The client architect relationship is a crucial factor in the success of any building. Success, that is, measured by the synthesis of the client’s aspirations (and brief) with the architect’s aspirations (design and resolution) – not fame and popularity. It is a meeting of minds. And it is a rarer event than you might think.

So with Google commissioning Ingenhoven to design their main campus (aka Googleplex) in Mountain View, there is a high probability, given the respective backgrounds of the two, that the project will be a success. Google is effectively run by engineers — talented and (mostly) wealthy ones — but engineers nonetheless. Being engineers they approach things with a methodical, logical eye. Why else would they have hundreds of great services we use every day that all look they were designed by someone with a very limited ‘design eye’. Perhaps ‘minimal’ would be the most polite way of describing Google web design. Some talented designers (Doug Bowman) have tried over the years… and failed. The entrenched engineering approach is summed up by Google VP Marissa Mayer demanding a study to test 41 shades of blue to find the ‘correct’ one!

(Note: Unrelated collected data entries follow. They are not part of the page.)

(* For all $(t,h)\in[0,T)\times\mathbb{R}_+$, $\lim_{z\to0}\widehat J(t,z,h)=0$ and $\lim_{z\to\infty}\widehat J(t,z,h)=\infty$.
   Context: Fix constants $T>0$, $r>0$, $\mu\in\mathbb{R}$, $\sigma>0$, $\rho>0$, $m^0\ge 0$, $m^1\ge 0$, $\kappa>0$, $\delta>0$, $\alpha\in(0,1)$, $I>0$ and a number $f(I)>0$. Write $\mathbb{R}_+=(0,\infty)$, $\mathcal{O}=[0,T]\times\mathbb{R}_+^2$, $\theta=(\mu-r)/\sigma$. Let $(\Omega,\mathcal{F},\mathbb{F},\mathbb{P})$ be a complete filtered probability space satisfying the usual conditions, carrying a standard $\mathbb{F}$-Brownian motion $B$. Let $\widehat u(z,h)=(1-\alpha)(z/\alpha)^{\alpha/(\alpha-1)}h$. For $(t,z,h)\in\mathcal{O}$ and $s\in[t,T]$ let $H^2_s=he^{-\delta(s-t)}+\frac{f(I)}{\delta}(1-e^{-\delta(s-t)})$, $M^{H^2}_s=m^0+m^1(H^2_s)^{-\kappa}$, and let $Z^2$ solve $dZ^2_s=(\rho-r+M^{H^2}_s)Z^2_s\,ds-\theta Z^2_s\,dB_s$, $Z^2_t=z$. Define $W(t,z,h)=\mathbb{E}\big[\int_t^T e^{-\int_t^s(\rho+M^{H^2}_u)du}\,\widehat u(Z^2_s,H^2_s)\,ds\big]$; subscripts denote partial derivatives. For $z,h>0$ and $s\ge0$ let $H^1_s=he^{-\delta s}$, $M^{H^1}_s=m^0+m^1(H^1_s)^{-\kappa}$ and $Z^1_s=z\exp\big(-(r+\tfrac12\theta^2)s-\theta B_s+\int_0^s(\rho+M^{H^1}_u)du\big)$, with $\mathbb{E}_{z,h}$ the corresponding expectation. For $(t,z,h)\in\mathcal{O}$, $\widehat J(t,z,h)=\sup_{0\le\tau\le T-t}\mathbb{E}_{z,h}\Big[\int_0^\tau\Big(Iz\,e^{-rs-\theta B_s-\frac12\theta^2 s}-e^{-\int_0^s(\rho+M^{H^1}_u)du}f(I)W_h(t+s,Z^1_s,H^1_s)\Big)ds\Big]$ over $\mathbb{F}$-stopping times with values in $[0,T-t]$. *)

theory Defs
  imports "HOL-Probability.Probability"
begin
(* Let $Y$ be a variable. For all positive integers $n$, $$\det_{0\le i,j\le n-1}\left(Y+2^{-2\lceil(i+j+1)/2\rceil}\binom{2\lceil(i+j+1)/2\rceil}{\lceil(i+j+1)/2\rceil}\right)=(-1)^{\binom n2}2^{-n^2}\big(2\lceil n/2\rceil Y+1\big).$$ *)

theory Defs
  imports "HOL-Computational_Algebra.Polynomial" "Jordan_Normal_Form.Determinant"
begin

definition cb :: "nat \<Rightarrow> nat \<Rightarrow> real" where
  "cb i j = (let m = nat \<lceil>real (i + j + 1) / 2\<rceil>
             in real ((2 * m) choose m) / 2 ^ (2 * m))"

end

theory Submission
  imports Defs
begin

text \<open>
  The entry of the matrix depends only on k = i + j; call it Y + c k. Subtracting from every
  column its left neighbour removes Y from all columns but the first, and consecutive c k differ
  by minus the Catalan moment ballot k 0 / 2 ^ (k + 1), where ballot i k counts the paths of
  i steps +1/-1 from 0 to k that never go below 0. The Hankel identity
  sum_k ballot i k * ballot j k = ballot (i + j) 0 then factors the differenced matrix as B * W,
  with B lower triangular (entries ballot i k / 2 ^ i) and W having the columns
  -ballot j k / 2 ^ (j + 1) for j > 0 and first column (1/2 + Y, 1 + 2 Y, 1 + 3 Y, ...).
  Replacing the first row of W by the combination of its rows with coefficients
  1, 0, -1, 0, 1, ... (a row operation of determinant 1) clears that row except for its first
  entry, an alternating partial sum equal to +-(1/2 + ceil(n/2) Y); the remaining minor is
  triangular.
\<close>

fun ballot :: "nat \<Rightarrow> nat \<Rightarrow> nat" where
  "ballot 0 k = (if k = 0 then 1 else 0)"
| ballot_Suc: "ballot (Suc i) k = (if k = 0 then 0 else ballot i (k - 1)) + ballot i (Suc k)"

declare ballot_Suc [simp del]

lemma ballot_eq_0_if_less: "i < k \<Longrightarrow> ballot i k = 0"
  by (induction i arbitrary: k) (auto simp: ballot_Suc)

lemma ballot_same [simp]: "ballot i i = 1"
  by (induction i) (auto simp: ballot_Suc ballot_eq_0_if_less)

lemma ballot_eq_0_if_odd: "odd (i + k) \<Longrightarrow> ballot i k = 0"
proof (induction i arbitrary: k)
  case 0
  then show ?case by (cases k) auto
next
  case (Suc i)
  then show ?case using Suc.IH[of "k - 1"] Suc.IH[of "Suc k"] by (cases k) (auto simp: ballot_Suc)
qed

lemma ballot_closed_form:
  assumes "2 * r \<le> i"
  shows "(of_nat (ballot i (i - 2 * r)) :: 'a::ring_1)
           = of_nat (i choose r) - (if r = 0 then 0 else of_nat (i choose (r - 1)))"
  using assms
proof (induction i arbitrary: r)
  case 0
  then show ?case by simp
next
  case (Suc i)
  show ?case
  proof (cases r)
    case 0
    then show ?thesis using ballot_eq_0_if_less[of i "Suc (Suc i)"] by (simp add: ballot_Suc)
  next
    case (Suc r')
    have "Suc (Suc i - 2 * r) = i - 2 * r'"
      using Suc \<open>2 * r \<le> Suc i\<close> by auto
    then have step_up: "(of_nat (ballot i (Suc (Suc i - 2 * r))) :: 'a)
        = of_nat (i choose r') - (if r' = 0 then 0 else of_nat (i choose (r' - 1)))"
      using Suc.IH[of r'] Suc \<open>2 * r \<le> Suc i\<close> by simp
    have pascal: "(of_nat (Suc i choose r) :: 'a) - of_nat (Suc i choose r')
        = (of_nat (i choose r') - (if r' = 0 then 0 else of_nat (i choose (r' - 1))))
          + (of_nat (i choose r) - of_nat (i choose r'))"
      using Suc by (cases r') simp_all
    show ?thesis
    proof (cases "2 * r = Suc i")
      case True
      then have "i choose r = i choose (i - r)" "i - r = r'"
        using Suc by (auto intro: binomial_symmetric)
      then show ?thesis using step_up pascal True Suc by (simp add: ballot_Suc)
    next
      case False
      then have "2 * r \<le> i" using Suc.prems by simp
      then have "Suc i - 2 * r = Suc (i - 2 * r)" by simp
      then show ?thesis using step_up pascal Suc.IH[OF \<open>2 * r \<le> i\<close>] Suc by (simp add: ballot_Suc)
    qed
  qed
qed

lemma sum_ballot_0:
  fixes g :: "nat \<Rightarrow> 'a::comm_semiring_1"
  assumes "0 < N"
  shows "(\<Sum>k<N. of_nat (ballot 0 k) * g k) = g 0"
proof -
  have "(\<Sum>k<N. of_nat (ballot 0 k) * g k) = (\<Sum>k<N. if k = 0 then g k else 0)"
    by (rule sum.cong) auto
  then show ?thesis using assms by simp
qed

lemma sum_mult_ballot_Suc:
  fixes f :: "nat \<Rightarrow> 'a::comm_semiring_1"
  assumes "Suc j < N"
  shows "(\<Sum>k<N. f k * of_nat (ballot (Suc j) k))
       = (\<Sum>k<N. of_nat (ballot j k) * (f (Suc k) + (if k = 0 then 0 else f (k - 1))))"
proof -
  obtain N' where N: "N = Suc N'" and "j < N'" using assms by (cases N) auto
  have "(\<Sum>k<N. f k * of_nat (if k = 0 then 0 else ballot j (k - 1)))
      = (\<Sum>k<N'. f (Suc k) * of_nat (ballot j k))"
    unfolding N sum.lessThan_Suc_shift by simp
  also have "\<dots> = (\<Sum>k<N. of_nat (ballot j k) * f (Suc k))"
    unfolding N sum.lessThan_Suc using ballot_eq_0_if_less[OF \<open>j < N'\<close>]
    by (simp add: mult.commute)
  finally have down: "(\<Sum>k<N. f k * of_nat (if k = 0 then 0 else ballot j (k - 1)))
      = (\<Sum>k<N. of_nat (ballot j k) * f (Suc k))" .
  have "(\<Sum>k<N. of_nat (ballot j k) * (if k = 0 then 0 else f (k - 1)))
      = (\<Sum>k<N'. of_nat (ballot j (Suc k)) * f k)"
    unfolding N sum.lessThan_Suc_shift by simp
  also have "\<dots> = (\<Sum>k<N. f k * of_nat (ballot j (Suc k)))"
    unfolding N sum.lessThan_Suc using ballot_eq_0_if_less[of j "Suc N'"] \<open>j < N'\<close>
    by (simp add: mult.commute)
  finally have up: "(\<Sum>k<N. f k * of_nat (ballot j (Suc k)))
      = (\<Sum>k<N. of_nat (ballot j k) * (if k = 0 then 0 else f (k - 1)))" by simp
  show ?thesis
    by (simp add: ballot_Suc distrib_left distrib_right sum.distrib down up)
qed

lemma sum_ballot_mult_ballot: "i < N \<Longrightarrow> (\<Sum>k<N. ballot i k * ballot j k) = ballot (i + j) 0"
proof (induction i arbitrary: j)
  case 0
  then show ?case using sum_ballot_0[of N "ballot j"] by simp
next
  case (Suc i)
  have "(\<Sum>k<N. ballot (Suc i) k * ballot j k) = (\<Sum>k<N. ballot j k * ballot (Suc i) k)"
    by (simp add: mult.commute)
  also have "\<dots> = (\<Sum>k<N. ballot i k * ballot (Suc j) k)"
    using sum_mult_ballot_Suc[OF Suc.prems, of "ballot j"] by (simp add: ballot_Suc add.commute)
  also have "\<dots> = ballot (Suc i + j) 0"
    using Suc.IH[of "Suc j"] Suc.prems by simp
  finally show ?case .
qed

lemma sum_ballot_mult_Suc: "i < N \<Longrightarrow> (\<Sum>k<N. ballot i k * Suc k) = 2 ^ i"
proof (induction i)
  case 0
  then show ?case using sum_ballot_0[of N Suc] by simp
next
  case (Suc i)
  have "(\<Sum>k<N. ballot (Suc i) k * Suc k) = (\<Sum>k<N. Suc k * ballot (Suc i) k)"
    by (simp add: mult.commute)
  also have "\<dots> = (\<Sum>k<N. ballot i k * (Suc (Suc k) + (if k = 0 then 0 else Suc (k - 1))))"
    using sum_mult_ballot_Suc[OF Suc.prems, of Suc] by simp
  also have "\<dots> = (\<Sum>k<N. ballot i k * (2 * Suc k))"
    by (intro sum.cong) auto
  also have "\<dots> = 2 * (\<Sum>k<N. ballot i k * Suc k)"
    by (simp add: sum_distrib_left algebra_simps)
  finally show ?case using Suc by simp
qed

text \<open>
  The values U k 0 of the Chebyshev polynomials of the second kind. Since
  x ^ j = sum_k ballot j k * U k (x / 2), evaluating at x = 0 gives the orthogonality below.
\<close>

definition chebyshev_U_0 :: "nat \<Rightarrow> 'a::ring_1" where
  "chebyshev_U_0 k = (if even k then (-1) ^ (k div 2) else 0)"

lemma sum_chebyshev_U_0_mult_ballot:
  assumes "j < N"
  shows "(\<Sum>k<N. chebyshev_U_0 k * of_nat (ballot j k) :: 'a::comm_ring_1) = (if j = 0 then 1 else 0)"
proof (cases j)
  case 0
  then show ?thesis using assms sum_ballot_0[of N chebyshev_U_0]
    by (simp add: mult.commute chebyshev_U_0_def)
next
  case (Suc j')
  have recurrence: "chebyshev_U_0 (Suc k) + (if k = 0 then 0 else chebyshev_U_0 (k - 1)) = (0::'a)" for k
    by (cases k rule: parity_cases) (auto simp: chebyshev_U_0_def elim!: oddE)
  have "(\<Sum>k<N. chebyshev_U_0 k * of_nat (ballot (Suc j') k) :: 'a)
      = (\<Sum>k<N. of_nat (ballot j' k) * (chebyshev_U_0 (Suc k) + (if k = 0 then 0 else chebyshev_U_0 (k - 1))))"
    using assms Suc by (intro sum_mult_ballot_Suc) simp
  also have "\<dots> = 0"
    by (simp only: recurrence mult_zero_right sum.neutral_const)
  finally show ?thesis using Suc by simp
qed

lemma sum_chebyshev_U_0_mult_half_at_0:
  "(\<Sum>k<Suc m. chebyshev_U_0 k * (if k = 0 then 1 / 2 else 1)) = (-1) ^ (m div 2) / (2::real)"
proof (induction m)
  case (Suc m)
  then show ?case
    by (cases "even m") (auto simp: chebyshev_U_0_def elim!: evenE oddE)
qed (simp add: chebyshev_U_0_def)

lemma sum_chebyshev_U_0_mult_Suc:
  "(\<Sum>k<Suc m. chebyshev_U_0 k * (real k + 1)) = (-1) ^ (m div 2) * real (m div 2 + 1)"
proof (induction m)
  case (Suc m)
  then show ?case
    by (cases "even m") (auto simp: chebyshev_U_0_def algebra_simps elim!: evenE oddE)
qed (simp add: chebyshev_U_0_def)

definition central_binom_scaled :: "nat \<Rightarrow> real" where
  "central_binom_scaled m = real ((2 * m) choose m) / 2 ^ (2 * m)"

lemma nat_ceiling_Suc_half: "nat \<lceil>real (Suc k) / 2\<rceil> = k div 2 + 1"
proof -
  have "\<lceil>real (Suc k) / 2\<rceil> = int (k div 2 + 1)"
    by (rule ceiling_unique) (cases "even k"; auto elim!: evenE oddE simp: field_simps)+
  then show ?thesis by simp
qed

lemma cb_eq_central_binom_scaled: "cb i j = central_binom_scaled ((i + j) div 2 + 1)"
  using nat_ceiling_Suc_half[of "i + j"] by (simp add: cb_def central_binom_scaled_def)

lemma central_binomial_Suc_Suc:
  "(2 * m + 2) choose (m + 1) = 2 * ((2 * m) choose m) + 2 * ((2 * m) choose (m - 1))"
  if "m > 0"
proof -
  have symmetric: "(2 * m) choose (m + 1) = (2 * m) choose (m - 1)"
    using that binomial_symmetric[of "m - 1" "2 * m"] by (simp add: Suc_diff_le)
  have "(2 * m + 2) choose (m + 1)
      = (((2 * m) choose (m - 1)) + ((2 * m) choose m)) + (((2 * m) choose m) + ((2 * m) choose (m + 1)))"
    using that by (cases m) (simp_all add: numeral_eq_Suc)
  then show ?thesis using symmetric by simp
qed

lemma central_binom_scaled_Suc:
  "central_binom_scaled (Suc m) = central_binom_scaled m - real (ballot (2 * m) 0) / 2 ^ (2 * m + 1)"
proof (cases "m = 0")
  case True
  then show ?thesis by (simp add: central_binom_scaled_def)
next
  case False
  have catalan: "real (ballot (2 * m) 0) = real ((2 * m) choose m) - real ((2 * m) choose (m - 1))"
    using ballot_closed_form[of m "2 * m"] False by simp
  have "real ((2 * m + 2) choose (m + 1))
      = 2 * real ((2 * m) choose m) + 2 * real ((2 * m) choose (m - 1))"
    using central_binomial_Suc_Suc[of m] False by simp
  then show ?thesis
    unfolding central_binom_scaled_def catalan by (simp add: field_simps power_add)
qed

lemma central_binom_scaled_step:
  "central_binom_scaled (Suc k div 2 + 1)
     = central_binom_scaled (k div 2 + 1) - real (ballot (Suc k) 0) / 2 ^ (k + 2)"
proof (cases "even k")
  case True
  then show ?thesis using ballot_eq_0_if_odd[of "Suc k" 0] by simp
next
  case False
  then obtain t where k: "k = 2 * t + 1" by (elim oddE)
  then have "Suc k div 2 + 1 = Suc (k div 2 + 1)" "Suc k = 2 * (k div 2 + 1)"
    "k + 2 = 2 * (k div 2 + 1) + 1" by simp_all
  then show ?thesis by (simp only: central_binom_scaled_Suc)
qed

lemma sum_ballot_mult_half_at_0:
  "i < N \<Longrightarrow> (\<Sum>k<N. real (ballot i k) * (if k = 0 then 1 / 2 else 1))
     = 2 ^ i * central_binom_scaled (i div 2 + 1)"
proof (induction i)
  case 0
  then show ?case
    using sum_ballot_0[of N "\<lambda>k. if k = 0 then 1 / 2 else 1 :: real"]
    by (simp add: central_binom_scaled_def)
next
  case (Suc i)
  let ?g = "\<lambda>k. if k = 0 then 1 / 2 else 1 :: real"
  have "(\<Sum>k<N. real (ballot (Suc i) k) * ?g k) = (\<Sum>k<N. ?g k * real (ballot (Suc i) k))"
    by (simp add: mult.commute)
  also have "\<dots> = (\<Sum>k<N. real (ballot i k) * (?g (Suc k) + (if k = 0 then 0 else ?g (k - 1))))"
    using Suc.prems by (rule sum_mult_ballot_Suc)
  also have "\<dots> = (\<Sum>k<N. 2 * (real (ballot i k) * ?g k) - (if k = 1 then real (ballot i k) / 2 else 0))"
    by (intro sum.cong refl) (simp add: numeral_eq_Suc)
  also have "\<dots> = 2 * (\<Sum>k<N. real (ballot i k) * ?g k) - real (ballot i 1) / 2"
    using Suc.prems by (simp add: sum_subtractf sum_distrib_left)
  also have "\<dots> = 2 ^ Suc i * central_binom_scaled (Suc i div 2 + 1)"
    using Suc central_binom_scaled_step[of i] by (simp add: ballot_Suc field_simps)
  finally show ?case .
qed

lemma sum_pCons_pCons_0: "(\<Sum>k\<in>A. [: x k, y k :]) = [: \<Sum>k\<in>A. x k, \<Sum>k\<in>A. y k :]"
  by (induction A rule: infinite_finite_induct) auto

lemma index_mat_mult_mat:
  "i < n \<Longrightarrow> j < p \<Longrightarrow> (mat n m f * mat m p g) $$ (i, j) = (\<Sum>k<m. f (i, k) * g (k, j))"
  by (simp add: scalar_prod_def atLeast0LessThan)

lemma det_mat_upper_triangular:
  fixes f :: "nat \<times> nat \<Rightarrow> 'a::comm_ring_1"
  assumes "\<And>i j. j < i \<Longrightarrow> i < n \<Longrightarrow> f (i, j) = 0"
  shows "det (mat n n f) = (\<Prod>i<n. f (i, i))"
proof -
  have "det (mat n n f) = prod_list (diag_mat (mat n n f))"
    by (rule det_upper_triangular[of _ n]) (auto simp: upper_triangular_def assms)
  then show ?thesis by (simp add: prod_list_diag_prod atLeast0LessThan)
qed

lemma det_mat_lower_triangular:
  fixes f :: "nat \<times> nat \<Rightarrow> 'a::comm_ring_1"
  assumes "\<And>i j. i < j \<Longrightarrow> j < n \<Longrightarrow> f (i, j) = 0"
  shows "det (mat n n f) = (\<Prod>i<n. f (i, i))"
proof -
  have "det (mat n n f) = prod_list (diag_mat (mat n n f))"
    by (rule det_lower_triangular[of n]) (auto simp: assms)
  then show ?thesis by (simp add: prod_list_diag_prod atLeast0LessThan)
qed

So what’s all this to do with architecture?
Having written about Ingenhoven here before, to me it seems like a logical match. He practices architecture with a rational engineering approach particularly in relation to sustainability. That will no doubt suit Google. The project is a first for both Google and Ingenhoven; it is the first building commissioned by Google by an architect and the first American project for Ingenhoven. Not sure if that spells trouble or just a few client-architect teething issues.
…a design process that emulates nature — and not from ornamentation.
(Christoph Ingenhoven)
Perhaps Google and Ingenhoven will be a client-architect match made in heaven. Meanwhile another huge tech company and architect have started dating: Apple and Foster. Only time will tell which relationship works out.